> Exercise instructions: Somewhere below is a line with "t x x' \<ge>" and, later, a line with "t x v \<ge>"; repeat those two lines and all the lines between them, exactly as they are.

(Material for this task)

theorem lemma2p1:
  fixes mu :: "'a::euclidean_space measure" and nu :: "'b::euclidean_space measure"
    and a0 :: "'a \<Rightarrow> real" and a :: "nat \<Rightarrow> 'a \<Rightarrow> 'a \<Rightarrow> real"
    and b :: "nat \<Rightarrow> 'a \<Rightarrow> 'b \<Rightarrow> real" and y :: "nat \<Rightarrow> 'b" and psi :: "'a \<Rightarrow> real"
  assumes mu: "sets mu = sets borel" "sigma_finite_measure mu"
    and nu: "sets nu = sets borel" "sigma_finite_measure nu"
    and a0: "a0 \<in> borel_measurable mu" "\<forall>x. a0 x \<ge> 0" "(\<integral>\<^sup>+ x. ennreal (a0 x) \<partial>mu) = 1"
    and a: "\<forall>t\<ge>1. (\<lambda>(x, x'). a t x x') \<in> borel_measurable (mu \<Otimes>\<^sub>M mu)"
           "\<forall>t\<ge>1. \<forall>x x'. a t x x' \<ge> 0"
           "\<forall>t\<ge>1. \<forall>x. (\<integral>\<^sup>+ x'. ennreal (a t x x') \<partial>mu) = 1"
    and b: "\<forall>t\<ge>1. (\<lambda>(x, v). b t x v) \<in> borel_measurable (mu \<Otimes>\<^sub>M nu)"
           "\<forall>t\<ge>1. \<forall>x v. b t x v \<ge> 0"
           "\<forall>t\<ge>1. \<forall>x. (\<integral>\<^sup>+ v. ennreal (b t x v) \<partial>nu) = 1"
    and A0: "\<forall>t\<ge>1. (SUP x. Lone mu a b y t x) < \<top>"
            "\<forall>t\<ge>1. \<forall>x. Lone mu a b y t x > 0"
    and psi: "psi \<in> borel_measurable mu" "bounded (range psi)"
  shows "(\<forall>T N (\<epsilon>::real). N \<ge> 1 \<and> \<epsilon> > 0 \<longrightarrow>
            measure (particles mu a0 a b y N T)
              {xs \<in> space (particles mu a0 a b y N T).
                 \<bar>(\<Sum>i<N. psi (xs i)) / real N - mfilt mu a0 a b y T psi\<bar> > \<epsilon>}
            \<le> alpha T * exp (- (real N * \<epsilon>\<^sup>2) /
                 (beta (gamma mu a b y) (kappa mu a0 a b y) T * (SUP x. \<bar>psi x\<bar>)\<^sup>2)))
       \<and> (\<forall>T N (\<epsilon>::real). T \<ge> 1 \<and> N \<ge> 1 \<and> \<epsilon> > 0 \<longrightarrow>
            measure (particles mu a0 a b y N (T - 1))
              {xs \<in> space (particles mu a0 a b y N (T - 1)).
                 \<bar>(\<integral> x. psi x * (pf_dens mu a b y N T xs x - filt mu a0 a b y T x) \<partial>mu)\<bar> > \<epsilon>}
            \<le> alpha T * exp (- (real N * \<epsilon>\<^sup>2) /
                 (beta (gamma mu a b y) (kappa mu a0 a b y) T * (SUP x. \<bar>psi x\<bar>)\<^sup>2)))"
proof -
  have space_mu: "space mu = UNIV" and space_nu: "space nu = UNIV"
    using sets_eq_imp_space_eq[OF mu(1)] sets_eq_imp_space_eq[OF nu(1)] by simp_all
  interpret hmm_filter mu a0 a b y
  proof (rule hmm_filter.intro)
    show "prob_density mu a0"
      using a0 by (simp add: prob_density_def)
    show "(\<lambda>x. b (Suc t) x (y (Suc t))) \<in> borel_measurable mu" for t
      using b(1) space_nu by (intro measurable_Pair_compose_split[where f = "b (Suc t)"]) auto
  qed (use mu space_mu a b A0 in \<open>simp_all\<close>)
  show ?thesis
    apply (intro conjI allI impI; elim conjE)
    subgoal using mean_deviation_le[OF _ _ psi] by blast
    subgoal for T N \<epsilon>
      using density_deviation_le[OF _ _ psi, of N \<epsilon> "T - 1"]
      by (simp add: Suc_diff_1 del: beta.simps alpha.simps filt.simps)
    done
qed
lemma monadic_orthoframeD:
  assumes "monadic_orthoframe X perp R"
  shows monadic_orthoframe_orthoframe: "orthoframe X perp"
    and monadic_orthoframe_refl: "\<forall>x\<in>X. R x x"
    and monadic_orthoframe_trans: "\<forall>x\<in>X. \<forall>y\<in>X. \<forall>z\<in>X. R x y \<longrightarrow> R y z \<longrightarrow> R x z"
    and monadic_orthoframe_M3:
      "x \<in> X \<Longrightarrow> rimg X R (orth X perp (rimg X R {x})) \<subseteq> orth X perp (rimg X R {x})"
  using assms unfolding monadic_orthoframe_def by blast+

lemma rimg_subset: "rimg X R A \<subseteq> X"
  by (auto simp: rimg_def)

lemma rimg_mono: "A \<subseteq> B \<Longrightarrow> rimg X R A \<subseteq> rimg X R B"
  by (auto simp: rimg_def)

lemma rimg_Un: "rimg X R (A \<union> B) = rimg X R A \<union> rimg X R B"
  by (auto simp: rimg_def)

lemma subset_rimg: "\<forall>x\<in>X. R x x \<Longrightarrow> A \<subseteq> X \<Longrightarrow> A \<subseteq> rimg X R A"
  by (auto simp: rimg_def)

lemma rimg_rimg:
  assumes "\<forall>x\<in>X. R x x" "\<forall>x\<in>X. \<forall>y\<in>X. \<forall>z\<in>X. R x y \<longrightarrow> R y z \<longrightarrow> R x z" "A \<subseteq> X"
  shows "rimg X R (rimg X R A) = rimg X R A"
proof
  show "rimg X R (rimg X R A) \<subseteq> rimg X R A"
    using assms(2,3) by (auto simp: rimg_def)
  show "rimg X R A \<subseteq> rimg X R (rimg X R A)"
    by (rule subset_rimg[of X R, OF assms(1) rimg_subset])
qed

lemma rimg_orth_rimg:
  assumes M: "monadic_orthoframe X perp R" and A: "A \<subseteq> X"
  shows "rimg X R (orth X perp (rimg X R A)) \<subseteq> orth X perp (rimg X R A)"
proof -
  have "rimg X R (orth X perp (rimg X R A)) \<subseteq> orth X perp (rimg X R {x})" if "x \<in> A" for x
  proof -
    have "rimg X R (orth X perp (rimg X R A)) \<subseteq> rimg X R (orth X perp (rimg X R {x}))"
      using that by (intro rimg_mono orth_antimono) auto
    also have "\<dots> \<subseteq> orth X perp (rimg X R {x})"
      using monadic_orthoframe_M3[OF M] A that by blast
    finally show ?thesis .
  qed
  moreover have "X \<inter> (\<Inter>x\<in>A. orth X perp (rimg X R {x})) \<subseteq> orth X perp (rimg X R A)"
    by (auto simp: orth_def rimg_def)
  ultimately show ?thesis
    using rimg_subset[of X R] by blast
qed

(End Material for this task)
(Material for this task)

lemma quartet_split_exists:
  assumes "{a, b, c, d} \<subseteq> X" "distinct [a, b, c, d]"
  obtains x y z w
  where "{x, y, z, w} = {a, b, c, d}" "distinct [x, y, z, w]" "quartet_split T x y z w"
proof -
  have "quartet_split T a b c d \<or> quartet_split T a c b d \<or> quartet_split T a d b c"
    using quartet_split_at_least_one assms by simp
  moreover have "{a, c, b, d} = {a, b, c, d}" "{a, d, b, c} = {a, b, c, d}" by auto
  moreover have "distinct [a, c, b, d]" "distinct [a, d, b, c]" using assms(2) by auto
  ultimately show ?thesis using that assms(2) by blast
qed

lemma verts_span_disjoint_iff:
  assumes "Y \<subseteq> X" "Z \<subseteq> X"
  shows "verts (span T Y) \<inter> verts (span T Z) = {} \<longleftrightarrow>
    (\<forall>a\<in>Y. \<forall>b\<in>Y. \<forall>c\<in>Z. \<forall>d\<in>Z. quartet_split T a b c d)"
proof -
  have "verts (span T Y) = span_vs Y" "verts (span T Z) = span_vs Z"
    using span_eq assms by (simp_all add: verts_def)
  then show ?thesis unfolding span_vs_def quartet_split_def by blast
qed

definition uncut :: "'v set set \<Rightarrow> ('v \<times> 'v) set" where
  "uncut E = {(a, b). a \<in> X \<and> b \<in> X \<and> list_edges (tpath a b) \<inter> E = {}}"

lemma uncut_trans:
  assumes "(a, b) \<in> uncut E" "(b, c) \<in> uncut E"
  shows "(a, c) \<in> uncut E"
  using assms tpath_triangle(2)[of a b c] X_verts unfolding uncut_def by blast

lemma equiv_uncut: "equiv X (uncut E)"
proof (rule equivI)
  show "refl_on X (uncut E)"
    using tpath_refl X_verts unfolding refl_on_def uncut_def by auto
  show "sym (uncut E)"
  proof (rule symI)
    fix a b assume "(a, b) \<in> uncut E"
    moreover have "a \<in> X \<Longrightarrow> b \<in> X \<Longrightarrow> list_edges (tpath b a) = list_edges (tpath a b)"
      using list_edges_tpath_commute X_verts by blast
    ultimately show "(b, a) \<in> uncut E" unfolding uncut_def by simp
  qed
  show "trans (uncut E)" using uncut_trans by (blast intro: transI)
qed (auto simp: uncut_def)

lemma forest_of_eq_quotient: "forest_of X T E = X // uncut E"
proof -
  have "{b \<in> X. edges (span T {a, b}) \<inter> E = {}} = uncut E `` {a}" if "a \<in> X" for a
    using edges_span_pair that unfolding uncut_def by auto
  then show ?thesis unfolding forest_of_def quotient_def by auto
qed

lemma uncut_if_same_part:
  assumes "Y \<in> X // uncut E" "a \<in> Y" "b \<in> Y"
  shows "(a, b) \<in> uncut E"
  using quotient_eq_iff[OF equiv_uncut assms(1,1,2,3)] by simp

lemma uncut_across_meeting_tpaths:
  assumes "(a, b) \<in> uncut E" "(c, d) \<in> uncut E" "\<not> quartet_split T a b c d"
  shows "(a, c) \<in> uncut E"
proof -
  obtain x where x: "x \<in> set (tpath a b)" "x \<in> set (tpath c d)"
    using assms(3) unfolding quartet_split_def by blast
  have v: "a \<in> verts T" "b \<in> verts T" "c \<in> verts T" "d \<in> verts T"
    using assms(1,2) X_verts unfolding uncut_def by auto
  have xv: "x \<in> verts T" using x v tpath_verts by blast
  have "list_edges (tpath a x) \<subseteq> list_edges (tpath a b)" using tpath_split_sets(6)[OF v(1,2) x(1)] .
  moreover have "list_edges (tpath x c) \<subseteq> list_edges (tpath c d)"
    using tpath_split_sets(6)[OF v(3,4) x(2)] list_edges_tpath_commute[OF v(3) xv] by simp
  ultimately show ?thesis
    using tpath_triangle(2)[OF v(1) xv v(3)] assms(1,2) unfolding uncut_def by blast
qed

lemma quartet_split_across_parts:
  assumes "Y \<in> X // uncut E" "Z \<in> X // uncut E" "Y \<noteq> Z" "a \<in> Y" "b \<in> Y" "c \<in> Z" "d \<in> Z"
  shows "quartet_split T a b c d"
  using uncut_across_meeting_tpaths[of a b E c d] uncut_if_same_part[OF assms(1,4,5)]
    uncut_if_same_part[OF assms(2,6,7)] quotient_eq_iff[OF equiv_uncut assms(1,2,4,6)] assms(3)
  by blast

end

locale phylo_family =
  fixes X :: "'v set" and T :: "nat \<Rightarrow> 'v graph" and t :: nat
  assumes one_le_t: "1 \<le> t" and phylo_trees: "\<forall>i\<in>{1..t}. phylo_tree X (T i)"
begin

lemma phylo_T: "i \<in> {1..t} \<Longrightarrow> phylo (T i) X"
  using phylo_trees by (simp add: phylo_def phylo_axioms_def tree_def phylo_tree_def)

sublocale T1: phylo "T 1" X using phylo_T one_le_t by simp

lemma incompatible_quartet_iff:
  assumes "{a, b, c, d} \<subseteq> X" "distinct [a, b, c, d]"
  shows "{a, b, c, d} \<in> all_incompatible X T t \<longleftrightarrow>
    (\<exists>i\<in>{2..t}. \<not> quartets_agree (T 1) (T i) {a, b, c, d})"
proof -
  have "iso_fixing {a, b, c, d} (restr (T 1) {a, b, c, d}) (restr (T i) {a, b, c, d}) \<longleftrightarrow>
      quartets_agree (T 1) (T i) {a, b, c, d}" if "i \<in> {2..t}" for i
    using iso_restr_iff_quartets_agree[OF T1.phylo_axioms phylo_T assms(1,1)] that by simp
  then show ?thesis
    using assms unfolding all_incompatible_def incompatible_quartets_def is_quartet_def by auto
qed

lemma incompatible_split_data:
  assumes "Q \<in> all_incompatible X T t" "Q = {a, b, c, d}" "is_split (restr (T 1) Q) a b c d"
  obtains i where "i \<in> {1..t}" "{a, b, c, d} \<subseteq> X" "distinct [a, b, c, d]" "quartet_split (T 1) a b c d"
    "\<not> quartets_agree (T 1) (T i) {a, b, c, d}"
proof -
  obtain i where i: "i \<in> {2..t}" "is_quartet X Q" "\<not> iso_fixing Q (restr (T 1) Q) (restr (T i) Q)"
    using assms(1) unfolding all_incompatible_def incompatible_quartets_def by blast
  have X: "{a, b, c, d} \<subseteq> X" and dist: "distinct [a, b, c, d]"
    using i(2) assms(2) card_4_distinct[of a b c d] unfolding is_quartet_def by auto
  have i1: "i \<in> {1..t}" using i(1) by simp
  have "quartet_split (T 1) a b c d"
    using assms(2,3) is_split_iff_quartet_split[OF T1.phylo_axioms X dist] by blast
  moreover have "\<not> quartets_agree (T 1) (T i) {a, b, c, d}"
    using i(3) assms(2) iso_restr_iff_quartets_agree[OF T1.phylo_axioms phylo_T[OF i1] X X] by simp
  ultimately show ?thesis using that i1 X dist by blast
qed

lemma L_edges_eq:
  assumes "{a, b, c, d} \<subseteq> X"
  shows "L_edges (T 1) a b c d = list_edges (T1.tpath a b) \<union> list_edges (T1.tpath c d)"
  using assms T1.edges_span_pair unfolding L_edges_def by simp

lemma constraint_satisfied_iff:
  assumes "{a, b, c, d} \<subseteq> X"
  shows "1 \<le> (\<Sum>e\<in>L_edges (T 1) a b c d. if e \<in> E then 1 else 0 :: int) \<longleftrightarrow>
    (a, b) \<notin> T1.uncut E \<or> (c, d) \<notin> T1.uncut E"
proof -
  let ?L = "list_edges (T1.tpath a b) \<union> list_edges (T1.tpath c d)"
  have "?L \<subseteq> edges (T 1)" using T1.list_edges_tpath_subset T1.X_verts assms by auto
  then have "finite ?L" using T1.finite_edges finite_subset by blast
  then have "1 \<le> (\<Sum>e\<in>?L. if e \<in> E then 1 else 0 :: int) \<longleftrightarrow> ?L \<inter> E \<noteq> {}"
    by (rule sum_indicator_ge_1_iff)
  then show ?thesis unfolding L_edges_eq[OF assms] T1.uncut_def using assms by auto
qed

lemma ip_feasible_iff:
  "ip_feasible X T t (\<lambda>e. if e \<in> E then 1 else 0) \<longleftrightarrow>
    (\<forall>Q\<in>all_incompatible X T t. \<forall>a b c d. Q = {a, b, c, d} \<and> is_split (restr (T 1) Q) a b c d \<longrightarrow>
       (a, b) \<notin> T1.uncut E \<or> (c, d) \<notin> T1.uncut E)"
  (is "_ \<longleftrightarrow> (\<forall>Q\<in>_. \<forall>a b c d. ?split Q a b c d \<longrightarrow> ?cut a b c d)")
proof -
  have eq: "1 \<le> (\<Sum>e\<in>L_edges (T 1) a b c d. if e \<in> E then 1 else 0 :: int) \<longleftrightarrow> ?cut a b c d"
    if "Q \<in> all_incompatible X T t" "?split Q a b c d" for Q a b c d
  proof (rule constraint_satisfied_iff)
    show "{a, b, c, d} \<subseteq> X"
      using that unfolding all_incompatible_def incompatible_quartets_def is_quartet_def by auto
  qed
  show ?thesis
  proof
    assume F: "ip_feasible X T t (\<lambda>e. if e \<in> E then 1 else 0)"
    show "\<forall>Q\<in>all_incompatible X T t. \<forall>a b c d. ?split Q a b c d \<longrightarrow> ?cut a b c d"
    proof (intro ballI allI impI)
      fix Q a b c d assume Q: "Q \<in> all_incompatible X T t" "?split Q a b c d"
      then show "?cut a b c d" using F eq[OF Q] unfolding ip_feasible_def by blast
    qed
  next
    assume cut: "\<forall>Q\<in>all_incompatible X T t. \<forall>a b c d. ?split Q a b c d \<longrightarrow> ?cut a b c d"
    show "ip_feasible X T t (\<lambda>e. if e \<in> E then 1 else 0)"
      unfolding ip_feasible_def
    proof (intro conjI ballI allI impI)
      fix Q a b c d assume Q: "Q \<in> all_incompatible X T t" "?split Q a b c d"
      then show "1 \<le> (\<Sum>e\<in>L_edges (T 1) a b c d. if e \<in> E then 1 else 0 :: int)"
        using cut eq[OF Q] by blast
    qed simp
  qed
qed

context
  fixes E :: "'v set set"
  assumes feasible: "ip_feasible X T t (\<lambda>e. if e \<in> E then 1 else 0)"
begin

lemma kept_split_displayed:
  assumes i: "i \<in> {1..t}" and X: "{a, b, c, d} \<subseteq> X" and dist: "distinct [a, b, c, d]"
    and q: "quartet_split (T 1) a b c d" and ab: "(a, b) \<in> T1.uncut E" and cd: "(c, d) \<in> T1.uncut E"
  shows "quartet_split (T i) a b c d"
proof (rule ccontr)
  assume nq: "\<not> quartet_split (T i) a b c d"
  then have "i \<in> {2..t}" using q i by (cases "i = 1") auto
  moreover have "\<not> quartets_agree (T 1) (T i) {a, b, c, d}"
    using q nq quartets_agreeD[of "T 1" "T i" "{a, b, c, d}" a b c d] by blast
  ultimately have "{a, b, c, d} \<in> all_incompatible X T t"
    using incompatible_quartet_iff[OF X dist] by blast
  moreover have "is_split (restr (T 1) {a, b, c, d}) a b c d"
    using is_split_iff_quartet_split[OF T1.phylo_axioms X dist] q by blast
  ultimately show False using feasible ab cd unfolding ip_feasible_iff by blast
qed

(End Material for this task)

> Answer below:
           "\<forall>t\<ge>1. \<forall>x x'. a t x x' \<ge> 0"
           "\<forall>t\<ge>1. \<forall>x. (\<integral>\<^sup>+ x'. ennreal (a t x x') \<partial>mu) = 1"
    and b: "\<forall>t\<ge>1. (\<lambda>(x, v). b t x v) \<in> borel_measurable (mu \<Otimes>\<^sub>M nu)"
           "\<forall>t\<ge>1. \<forall>x v. b t x v \<ge> 0"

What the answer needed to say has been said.